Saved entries
lemma cost_Suc: "cost (Suc j) = cost j + eps * cap j * pweight (y j) (path j)"
proof -
  have edges: "set (path j) \<subseteq> E" and "distinct (path j)"
    using path_in_PL path_edges path_distinct by auto
  have "c e * y (Suc j) e = c e * y j e + (if e \<in> set (path j) then eps * cap j * y j e else 0)"
    if "e \<in> E" for e
    using c_pos[OF that] by (simp add: ag_y_Suc field_simps)
  then have "cost (Suc j) =
      (\<Sum>e\<in>E. c e * y j e + (if e \<in> set (path j) then eps * cap j * y j e else 0))"
    by (rule sum.cong[OF refl])
  also have "\<dots> = cost j + (\<Sum>e\<in>set (path j). eps * cap j * y j e)"
    using edges
    by (simp add: sum.distrib flip: sum.inter_restrict[OF finite_E]) (simp add: Int_absorb1)
  finally show ?thesis
    using \<open>distinct (path j)\<close> by (simp add: pweight_distinct sum_distrib_left)
qed

lemma cost_growth: "cost j - cost 0 \<le> eps * (1 + w) * (\<Sum>k<j. cap k * distL PL (y k))"
proof (induction j)
  case 0
  then show ?case by simp
next
  case (Suc j)
  have "pweight (y j) (path j) \<le> (1 + w) * distL PL (y j)"
    using orc_approx ag_y_nonneg by (simp add: approx_oracle_def)
  then have "eps * cap j * pweight (y j) (path j) \<le> eps * cap j * ((1 + w) * distL PL (y j))"
    using eps_nonneg cap_pos[of j] by (intro mult_left_mono) auto
  with Suc show ?case by (simp add: cost_Suc algebra_simps)
qed

lemma sum_ag_x: "(\<Sum>P\<in>PL. ag_x c orc eps delta j P) = (\<Sum>k<j. cap k)"
proof (induction j)
  case 0
  then show ?case by simp
next
  case (Suc j)
  then show ?case using finite_PL path_in_PL[of j] by (simp add: Let_def sum.remove)
qed

lemma distL_ag_y_le:
  assumes short: "\<forall>P\<in>PL. length P \<le> L"
  shows "distL PL (y j) \<le> delta * L *
           exp (eps * (1 + w) * (\<Sum>P\<in>PL. ag_x c orc eps delta j P) / lp_beta E c PL)"
proof -
  define a where "a = eps * (1 + w) / lp_beta E c PL"
  have "0 \<le> a" using eps_nonneg w_nonneg lp_beta_pos by (simp add: a_def)
  have "distL PL (y k) \<le> delta * L + a * (\<Sum>i<k. cap i * distL PL (y i))" for k
  proof -
    have "cost k - cost 0 = (\<Sum>e\<in>E. c e * (y k e - delta))"
      by (simp add: sum_subtractf algebra_simps)
    then have "distL PL (y k) \<le> delta * L + (cost k - cost 0) / lp_beta E c PL"
      using distL_le_shifted_cost[OF short delta_nonneg] ag_y_ge_delta by simp
    also have "\<dots> \<le> delta * L + a * (\<Sum>i<k. cap i * distL PL (y i))"
      using cost_growth[of k] lp_beta_pos by (simp add: a_def divide_right_mono)
    finally show ?thesis .
  qed
  then have "distL PL (y j) \<le> delta * L * exp (a * (\<Sum>k<j. cap k))"
    using \<open>0 \<le> a\<close> delta_nonneg cap_pos by (intro discrete_gronwall) (auto intro: less_imp_le)
  then show ?thesis by (simp add: sum_ag_x a_def)
qed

WORK INSTRUCTIONS
Your response must consist of the entries, reproduced exactly.

YOUR RESPONSE
lemma cost_Suc: "cost (Suc j) = cost j + eps * cap j * pweight (y j) (path j)"
proof -
  have edges: "set (path j) \<subseteq> E" and "distinct (path j)"
    using path_in_PL path_edges path_distinct by auto
  have "c e * y (Suc j) e = c e * y j e + (if e \<in> set (path j) then eps * cap j * y j e else 0)"
    if "e \<in> E" for e
    using c_pos[OF that] by (simp add: ag_y_Suc field_simps)
  then have "cost (Suc j) =
      (\<Sum>e\<in>E. c e * y j e + (if e \<in> set (path j) then eps * cap j * y j e else 0))"
    by (rule sum.cong[OF refl])
  also have "\<dots> = cost j + (\<Sum>e\<in>set (path j). eps * cap j * y j e)"
    using edges
    by (simp add: sum.distrib flip: sum.inter_restrict[OF finite_E]) (simp add: Int_absorb1)
  finally show ?thesis
    using \<open>distinct (path j)\<close> by (simp add: pweight_distinct sum_distrib_left)
qed

lemma cost_growth: "cost j - cost 0 \<le> eps * (1 + w) * (\<Sum>k<j. cap k * distL PL (y k))"
proof (induction j)
  case 0
  then show ?case by simp
next
  case (Suc j)
  have "pweight (y j) (path j) \<le> (1 + w) * distL PL (y j)"
    using orc_approx ag_y_nonneg by (simp add: approx_oracle_def)
  then have "eps * cap j * pweight (y j) (path j) \<le> eps * cap j * ((1 + w) * distL PL (y j))"
    using eps_nonneg cap_pos[of j] by (intro mult_left_mono) auto
  with Suc show ?case by (simp add: cost_Suc algebra_simps)
qed

lemma sum_ag_x: "(\<Sum>P\<in>PL. ag_x c orc eps delta j P) = (\<Sum>k<j. cap k)"
proof (induction j)
  case 0
  then show ?case by simp
next
  case (Suc j)
  then show ?case using finite_PL path_in_PL[of j] by (simp add: Let_def sum.remove)
qed

lemma distL_ag_y_le:
  assumes short: "\<forall>P\<in>PL. length P \<le> L"
  shows "distL PL (y j) \<le> delta * L *
           exp (eps * (1 + w) * (\<Sum>P\<in>PL. ag_x c orc eps delta j P) / lp_beta E c PL)"
proof -
  define a where "a = eps * (1 + w) / lp_beta E c PL"
  have "0 \<le> a" using eps_nonneg w_nonneg lp_beta_pos by (simp add: a_def)
  have "distL PL (y k) \<le> delta * L + a * (\<Sum>i<k. cap i * distL PL (y i))" for k
  proof -
    have "cost k - cost 0 = (\<Sum>e\<in>E. c e * (y k e - delta))"
      by (simp add: sum_subtractf algebra_simps)
    then have "distL PL (y k) \<le> delta * L + (cost k - cost 0) / lp_beta E c PL"
      using distL_le_shifted_cost[OF short delta_nonneg] ag_y_ge_delta by simp
    also have "\<dots> \<le> delta * L + a * (\<Sum>i<k. cap i * distL PL (y i))"
      using cost_growth[of k] lp_beta_pos by (simp add: a_def divide_right_mono)
    finally show ?thesis .
  qed
  then have "distL PL (y j) \<le> delta * L * exp (a * (\<Sum>k<j. cap k))"
    using \<open>0 \<le> a\<close> delta_nonneg cap_pos by (intro discrete_gronwall) (auto intro: less_imp_le)
  then show ?thesis by (simp add: sum_ag_x a_def)
qed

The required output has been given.